When Palestinians call all Israelis “settlers”, peace is distant

By SETH J. FRANTZMAN

If you read Palestinian media much, or some of the pro-Palestine English media, you’ll find that often when there are attacks on Israelis inside the Green Line, that the exact same language is used as for incidents in the West Bank.

For instance, Jewish people are referred to as “settlers” whether they live in Beit Shemesh, Tel Aviv, Ramla, Efrat or Rosh Ha Ayin. Whereas Israeli Hebrew and English media may refer to “settlers” only on one side of the line, others view them all as “settlers”. Some Israeli intellectuals fantasize about the line, like Zeev Sternhell, who suggested Palestinians “concentrate the struggle” only on one side of it, but for many the line is imaginary. This screenshot illustrates this, it is of a description of a video from Rosh HaAyin, where a woman from Kfar Kassem tried to stab some people. She was detained.

But you’ll note the description, the Israeli town, which is inside the Green Line, has been turned into “Kfar Qasim” (in point of fact Rosh HaAyin was built on Majdal Yaba, not on Kfar Qasim). The residents are “setters.”
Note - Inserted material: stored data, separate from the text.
(* Let $\pi\in[n]^m$ be a picking sequence for chores and let $i\ne j$ be two pickers. If in every suffix of $\pi$ picker $j$ has at least as many rounds as picker $i$, then a risk averse picker $i$ with any additive disvaluation $c_i$ does not envy picker $j$, not even ex-post: for any disvaluations and strategies of the other agents, when $i$ picks greedily, $c_i(B_i)\le c_i(B_j)$. Conversely, if this suffix condition fails, then there is an additive disvaluation $c_i$ for picker $i$ under which $i$ envies $j$, i.e. $\sum_{r\in R_i}c_i(e_{m-r+1})>\sum_{r\in R_j}c_i(e_{m-r+1})$, where $R_i,R_j$ are the rounds of $i$ and $j$ in $\pi$ and the chores are ordered so that $c_i(e_1)\ge\cdots\ge c_i(e_m)$.
   Context: In round $r$ of the picking sequence, picker $\pi_r$ takes one remaining chore. A risk averse agent uses the greedy picking strategy (take a remaining chore of smallest own disvalue); the disvalue such an agent can guarantee from a set $R$ of rounds is $\sum_{r\in R}c_i(e_{m-r+1})$ with chores sorted by non-increasing $c_i$. $B_i,B_j$ denote the final bundles of $i$ and $j$. *)

theory Defs
  imports Complex_Main
begin

text \<open>A picking sequence is a list of agents (natural numbers < n) of length m.
Rounds are 0-based list positions here (paper round r corresponds to index r-1).
Chores are the natural numbers 0..<m.\<close>

definition suffix_cond :: "nat list \<Rightarrow> nat \<Rightarrow> nat \<Rightarrow> bool" where
  "suffix_cond \<pi> i j \<longleftrightarrow>
     (\<forall>k \<le> length \<pi>. count_list (drop k \<pi>) i \<le> count_list (drop k \<pi>) j)"

text \<open>A complete run of the picking sequence: ps!r is the chore taken in round r.
Agent i picks greedily (a remaining chore of smallest disvalue c); all other agents'
picks are arbitrary (this covers every disvaluation and strategy of the other agents).\<close>
definition greedy_run :: "nat list \<Rightarrow> nat \<Rightarrow> (nat \<Rightarrow> real) \<Rightarrow> nat list \<Rightarrow> bool" where
  "greedy_run \<pi> i c ps \<longleftrightarrow>
     length ps = length \<pi> \<and> distinct ps \<and> set ps = {0..<length \<pi>} \<and>
     (\<forall>r < length \<pi>. \<pi> ! r = i \<longrightarrow>
        (\<forall>x \<in> {0..<length \<pi>} - set (take r ps). c (ps ! r) \<le> c x))"

definition final_bundle :: "nat list \<Rightarrow> nat list \<Rightarrow> nat \<Rightarrow> nat set" where
  "final_bundle \<pi> ps a = {ps ! r | r. r < length \<pi> \<and> \<pi> ! r = a}"

definition sorted_enum :: "(nat \<Rightarrow> real) \<Rightarrow> nat \<Rightarrow> (nat \<Rightarrow> nat) \<Rightarrow> bool" where
  "sorted_enum c m e \<longleftrightarrow> bij_betw e {1..m} {0..<m} \<and>
     (\<forall>a b. 1 \<le> a \<longrightarrow> a \<le> b \<longrightarrow> b \<le> m \<longrightarrow> c (e b) \<le> c (e a))"

definition guarantee :: "nat list \<Rightarrow> (nat \<Rightarrow> real) \<Rightarrow> (nat \<Rightarrow> nat) \<Rightarrow> nat \<Rightarrow> real" where
  "guarantee \<pi> c e a = (\<Sum>r \<in> {r \<in> {1..length \<pi>}. \<pi> ! (r - 1) = a}. c (e (length \<pi> - r + 1)))"

end

theory Submission
  imports Defs
begin

text \<open>Let \<open>a r\<close> be the disvalue (for \<open>i\<close>) of the chore taken in round \<open>r\<close> and \<open>m r\<close> the
minimum of \<open>a\<close> over the rounds \<open>\<ge> r\<close>, i.e. over the chores still available in round \<open>r\<close>.
Greedy picking means \<open>a = m\<close> on the rounds of \<open>i\<close>, and \<open>m \<le> a\<close> everywhere. Since \<open>m\<close> is
nonnegative and nondecreasing, it is a nonnegative combination of indicators of suffixes
of rounds, so the suffix condition gives \<open>\<Sum>\<^sub>R\<^sub>i m \<le> \<Sum>\<^sub>R\<^sub>j m\<close>.
Conversely, if \<open>j\<close> has fewer rounds than \<open>i\<close> in the last \<open>p\<close> rounds, let \<open>c\<close> be the
indicator of \<open>p\<close> chores: every sorted enumeration lists them first, so the guarantee
from a set of rounds counts its rounds among the last \<open>p\<close>.\<close>

definition rounds :: "'a list \<Rightarrow> 'a \<Rightarrow> nat set" where
  "rounds xs a = {r. r < length xs \<and> xs ! r = a}"

lemma finite_rounds [simp]: "finite (rounds xs a)"
  by (simp add: rounds_def)

lemma card_rounds: "card (rounds xs a) = count_list xs a"
  by (simp add: rounds_def count_list_eq_length_filter length_filter_conv_card eq_commute)

lemma rounds_Cons:
  "rounds (x # xs) a = (if x = a then {0} else {}) \<union> Suc ` rounds xs a"
proof (intro set_eqI iffI)
  fix r assume "r \<in> rounds (x # xs) a"
  then show "r \<in> (if x = a then {0} else {}) \<union> Suc ` rounds xs a"
    by (cases r) (auto simp: rounds_def)
qed (auto simp: rounds_def split: if_splits)

lemma sum_rounds_Cons:
  "sum w (rounds (x # xs) a) = (if x = a then w 0 else 0) + sum (w \<circ> Suc) (rounds xs a)"
  unfolding rounds_Cons by (auto simp: sum.reindex sum.union_disjoint)

lemma rounds_drop: "(+) k ` rounds (drop k xs) a = {r \<in> rounds xs a. k \<le> r}"
proof (intro set_eqI iffI)
  fix r assume "r \<in> {r \<in> rounds xs a. k \<le> r}"
  then show "r \<in> (+) k ` rounds (drop k xs) a"
    by (intro image_eqI[of _ _ "r - k"]) (auto simp: rounds_def)
qed (auto simp: rounds_def)

lemma card_rounds_from: "card {r \<in> rounds xs a. k \<le> r} = count_list (drop k xs) a"
  by (simp flip: rounds_drop card_rounds add: card_image)

lemma suffix_cond_Cons:
  assumes "suffix_cond (x # xs) i j"
  shows "suffix_cond xs i j" and "count_list (x # xs) i \<le> count_list (x # xs) j"
proof -
  show "suffix_cond xs i j"
    using assms unfolding suffix_cond_def by (metis Suc_le_mono drop_Suc_Cons length_Cons)
  show "count_list (x # xs) i \<le> count_list (x # xs) j"
    using assms unfolding suffix_cond_def by (metis drop0 le0)
qed

lemma sum_rounds_mono_weights:
  fixes w :: "nat \<Rightarrow> 'b::linordered_idom"
  assumes "suffix_cond xs i j"
    and "\<And>r. r < length xs \<Longrightarrow> 0 \<le> w r"
    and "\<And>r s. r \<le> s \<Longrightarrow> s < length xs \<Longrightarrow> w r \<le> w s"
  shows "sum w (rounds xs i) \<le> sum w (rounds xs j)"
  using assms
proof (induction xs arbitrary: w)
  case Nil
  then show ?case by (simp add: rounds_def)
next
  case (Cons x xs)
  note suffix = suffix_cond_Cons[OF Cons.prems(1)]
  define v where "v = (\<lambda>r. w (Suc r) - w 0)"
  \<comment> \<open>Split off the constant part \<open>w 0\<close>; what remains vanishes in round \<open>0\<close>.\<close>
  have split: "sum w (rounds (x # xs) a) = w 0 * of_nat (count_list (x # xs) a) + sum v (rounds xs a)"
    for a
  proof -
    have "sum w (rounds (x # xs) a)
        = w 0 * of_nat (count_list (x # xs) a) + sum (\<lambda>r. w r - w 0) (rounds (x # xs) a)"
      by (simp add: sum_subtractf card_rounds[symmetric])
    also have "sum (\<lambda>r. w r - w 0) (rounds (x # xs) a) = sum v (rounds xs a)"
      by (simp add: sum_rounds_Cons v_def comp_def)
    finally show ?thesis .
  qed
  have "sum v (rounds xs i) \<le> sum v (rounds xs j)"
    by (rule Cons.IH[OF suffix(1)]) (use Cons.prems(3) in \<open>auto simp: v_def\<close>)
  moreover have "w 0 * of_nat (count_list (x # xs) i) \<le> w 0 * of_nat (count_list (x # xs) j)"
    using suffix(2) Cons.prems(2)[of 0] by (simp add: mult_left_mono)
  ultimately show ?case by (simp add: split)
qed

lemma sum_rounds_suffix_min:
  fixes a :: "nat \<Rightarrow> 'b::linordered_idom"
  assumes "suffix_cond xs i j"
    and "\<And>r. 0 \<le> a r"
    and suffix_min: "\<And>r s. r \<in> rounds xs i \<Longrightarrow> r \<le> s \<Longrightarrow> s < length xs \<Longrightarrow> a r \<le> a s"
  shows "sum a (rounds xs i) \<le> sum a (rounds xs j)"
proof -
  define m where "m r = Min (a ` {r..<length xs})" for r
  have "sum a (rounds xs i) \<le> sum m (rounds xs i)"
    by (rule sum_mono) (auto simp: m_def rounds_def suffix_min)
  also have "\<dots> \<le> sum m (rounds xs j)"
    by (rule sum_rounds_mono_weights[OF assms(1)]) (auto simp: m_def assms(2) intro!: Min_antimono)
  also have "\<dots> \<le> sum a (rounds xs j)"
    by (rule sum_mono) (auto simp: m_def rounds_def)
  finally show ?thesis .
qed

lemma sum_final_bundle:
  assumes "distinct ps" and "length ps = length \<pi>"
  shows "sum c (final_bundle \<pi> ps a) = (\<Sum>r\<in>rounds \<pi> a. c (ps ! r))"
proof -
  have "final_bundle \<pi> ps a = (!) ps ` rounds \<pi> a"
    unfolding final_bundle_def rounds_def by auto
  moreover have "inj_on ((!) ps) (rounds \<pi> a)"
    using assms by (intro inj_on_nth) (auto simp: rounds_def)
  ultimately show ?thesis by (simp add: sum.reindex)
qed

lemma greedy_run_picks_cheapest:
  assumes "greedy_run \<pi> i c ps" and "r \<in> rounds \<pi> i" and "r \<le> s" and "s < length \<pi>"
  shows "c (ps ! r) \<le> c (ps ! s)"
proof -
  have "length ps = length \<pi>" and "distinct ps"
    using assms(1) by (auto simp: greedy_run_def)
  then have "ps ! s \<notin> set (take r ps)"
    using assms(3,4) by (auto simp: in_set_conv_nth nth_eq_iff_index_eq)
  moreover have "ps ! s \<in> {0..<length \<pi>}"
    using assms(1,4) nth_mem[of s ps] by (auto simp: greedy_run_def)
  ultimately show ?thesis
    using assms(1,2) by (auto simp: greedy_run_def rounds_def)
qed

lemma greedy_run_no_envy:
  assumes "suffix_cond \<pi> i j" and "\<And>x. 0 \<le> c x" and run: "greedy_run \<pi> i c ps"
  shows "sum c (final_bundle \<pi> ps i) \<le> sum c (final_bundle \<pi> ps j)"
proof -
  have bundle_cost: "sum c (final_bundle \<pi> ps a) = (\<Sum>r\<in>rounds \<pi> a. c (ps ! r))" for a
    using run by (intro sum_final_bundle) (auto simp: greedy_run_def)
  show ?thesis
    unfolding bundle_cost by (rule sum_rounds_suffix_min[OF assms(1)])
      (use assms(2) greedy_run_picks_cheapest[OF run] in auto)
qed

lemma sorted_enum_indicator:
  assumes enum: "sorted_enum (\<lambda>x. of_bool (x \<in> P)) L e" and "P \<subseteq> {0..<L}"
    and b: "1 \<le> b" "b \<le> L"
  shows "e b \<in> P \<longleftrightarrow> b \<le> card P"
proof -
  have bij: "bij_betw e {1..L} {0..<L}"
    and sorted: "\<And>a b. 1 \<le> a \<Longrightarrow> a \<le> b \<Longrightarrow> b \<le> L \<Longrightarrow> e b \<in> P \<Longrightarrow> e a \<in> P"
    using enum unfolding sorted_enum_def by (auto simp: of_bool_def split: if_splits)
  have inj: "inj_on e {1..L}"
    using bij by (rule bij_betw_imp_inj_on)
  show ?thesis
  proof
    assume "e b \<in> P"
    then have "e ` {1..b} \<subseteq> P"
      using sorted b(2) by auto
    moreover have "finite P"
      using assms(2) finite_subset by blast
    ultimately have "card (e ` {1..b}) \<le> card P"
      by (simp add: card_mono)
    moreover have "inj_on e {1..b}"
      using inj by (rule inj_on_subset) (use b(2) in auto)
    ultimately show "b \<le> card P"
      by (simp add: card_image)
  next
    assume "b \<le> card P"
    show "e b \<in> P"
    proof (rule ccontr)
      assume "e b \<notin> P"
      have "P \<subseteq> e ` {1..<b}"
      proof
        fix y assume "y \<in> P"
        then have "y \<in> e ` {1..L}"
          using assms(2) bij_betw_imp_surj_on[OF bij] by blast
        then obtain b' where "b' \<in> {1..L}" "e b' = y"
          by blast
        moreover have "b' < b"
          using sorted[of b b'] b \<open>b' \<in> {1..L}\<close> \<open>e b' = y\<close> \<open>y \<in> P\<close> \<open>e b \<notin> P\<close>
          by (meson atLeastAtMost_iff not_le order.strict_implies_order)
        ultimately show "y \<in> e ` {1..<b}"
          by auto
      qed
      then have "card P \<le> card (e ` {1..<b})"
        by (simp add: card_mono)
      also have "\<dots> \<le> card {1..<b}"
        by (rule card_image_le) simp
      finally have "card P \<le> card {1..<b}" .
      with \<open>b \<le> card P\<close> b show False by simp
    qed
  qed
qed

lemma guarantee_eq_sum_rounds:
  "guarantee \<pi> c e a = (\<Sum>r\<in>rounds \<pi> a. c (e (length \<pi> - r)))"
proof -
  have "{r \<in> {1..length \<pi>}. \<pi> ! (r - 1) = a} = Suc ` rounds \<pi> a"
    unfolding rounds_def by (auto intro!: image_eqI[where x = "r - 1" for r])
  moreover have "length \<pi> - Suc r + 1 = length \<pi> - r" if "r \<in> rounds \<pi> a" for r
    using that by (simp add: rounds_def Suc_diff_Suc)
  ultimately show ?thesis
    unfolding guarantee_def by (simp add: sum.reindex)
qed

lemma guarantee_indicator_last_chores:
  assumes "sorted_enum (\<lambda>x. of_bool (x < p)) (length \<pi>) e" and "p \<le> length \<pi>"
  shows "guarantee \<pi> (\<lambda>x. of_bool (x < p)) e a = count_list (drop (length \<pi> - p) \<pi>) a"
proof -
  have "e (length \<pi> - r) < p \<longleftrightarrow> length \<pi> - p \<le> r" if "r \<in> rounds \<pi> a" for r
  proof -
    have "1 \<le> length \<pi> - r"
      using that by (auto simp: rounds_def)
    then have "e (length \<pi> - r) < p \<longleftrightarrow> length \<pi> - r \<le> p"
      using sorted_enum_indicator[of "{0..<p}" "length \<pi>" e "length \<pi> - r"] assms by simp
    then show ?thesis
      using that assms(2) by (auto simp: rounds_def)
  qed
  then have "guarantee \<pi> (\<lambda>x. of_bool (x < p)) e a
      = (\<Sum>r\<in>rounds \<pi> a. of_bool (length \<pi> - p \<le> r))"
    by (simp add: guarantee_eq_sum_rounds)
  also have "\<dots> = card {r \<in> rounds \<pi> a. length \<pi> - p \<le> r}"
    by (simp add: of_bool_def flip: sum.inter_filter)
  finally show ?thesis
    by (simp add: card_rounds_from)
qed

lemma envy_if_not_suffix_cond:
  assumes "\<not> suffix_cond \<pi> i j"
  shows "\<exists>c :: nat \<Rightarrow> real. (\<forall>x. 0 \<le> c x) \<and>
           (\<forall>e. sorted_enum c (length \<pi>) e \<longrightarrow> guarantee \<pi> c e i > guarantee \<pi> c e j)"
proof -
  obtain k where k: "k \<le> length \<pi>" "count_list (drop k \<pi>) j < count_list (drop k \<pi>) i"
    using assms unfolding suffix_cond_def by (auto simp: not_le)
  define p where "p = length \<pi> - k"
  have "k = length \<pi> - p" and "p \<le> length \<pi>"
    using k(1) by (auto simp: p_def)
  then have "guarantee \<pi> (\<lambda>x. of_bool (x < p)) e i > guarantee \<pi> (\<lambda>x. of_bool (x < p)) e j"
    if "sorted_enum (\<lambda>x. of_bool (x < p)) (length \<pi>) e" for e
    using guarantee_indicator_last_chores[OF that] k(2) by simp
  then show ?thesis
    by (intro exI[of _ "\<lambda>x. of_bool (x < p)"]) auto
qed

theorem proposition6:
  fixes \<pi> :: "nat list" and n i j :: nat
  assumes "set \<pi> \<subseteq> {0..<n}" and "i < n" and "j < n" and "i \<noteq> j"
  shows "(suffix_cond \<pi> i j \<longrightarrow>
            (\<forall>c :: nat \<Rightarrow> real. (\<forall>x. 0 \<le> c x) \<longrightarrow>
               (\<forall>ps. greedy_run \<pi> i c ps \<longrightarrow>
                  sum c (final_bundle \<pi> ps i) \<le> sum c (final_bundle \<pi> ps j))))
       \<and> (\<not> suffix_cond \<pi> i j \<longrightarrow>
            (\<exists>c :: nat \<Rightarrow> real. (\<forall>x. 0 \<le> c x) \<and>
               (\<forall>e. sorted_enum c (length \<pi>) e \<longrightarrow>
                  guarantee \<pi> c e i > guarantee \<pi> c e j)))"
  using greedy_run_no_envy envy_if_not_suffix_cond by blast

end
Some in Israel believe ending Israel’s control of the West Bank will end the “occupation”, but what they don’t understand is that in many Palestinian media circles every Jewish person in Israel is seen as a “settler” and “occupied Palestine” doesn’t mean the West Bank, it means all of Israel.Screen Shot 2016-04-05 at 12.30.03 PM

This is one clear reason many Jewish Israelis instinctively understand that withdrawing from the West Bank doesn’t matter, because the conflict is over the whole land, and the whole country. That is why the left-wing narrative of the conflict does not catch hold among many people.

When the popular perception in these circles is that all Jewish people living in Israel, on either side of the Green Line, are “settlers”, or “colonizers” and that the whole country is “occupied Palestine”, that presents Israel with a zero-sum game.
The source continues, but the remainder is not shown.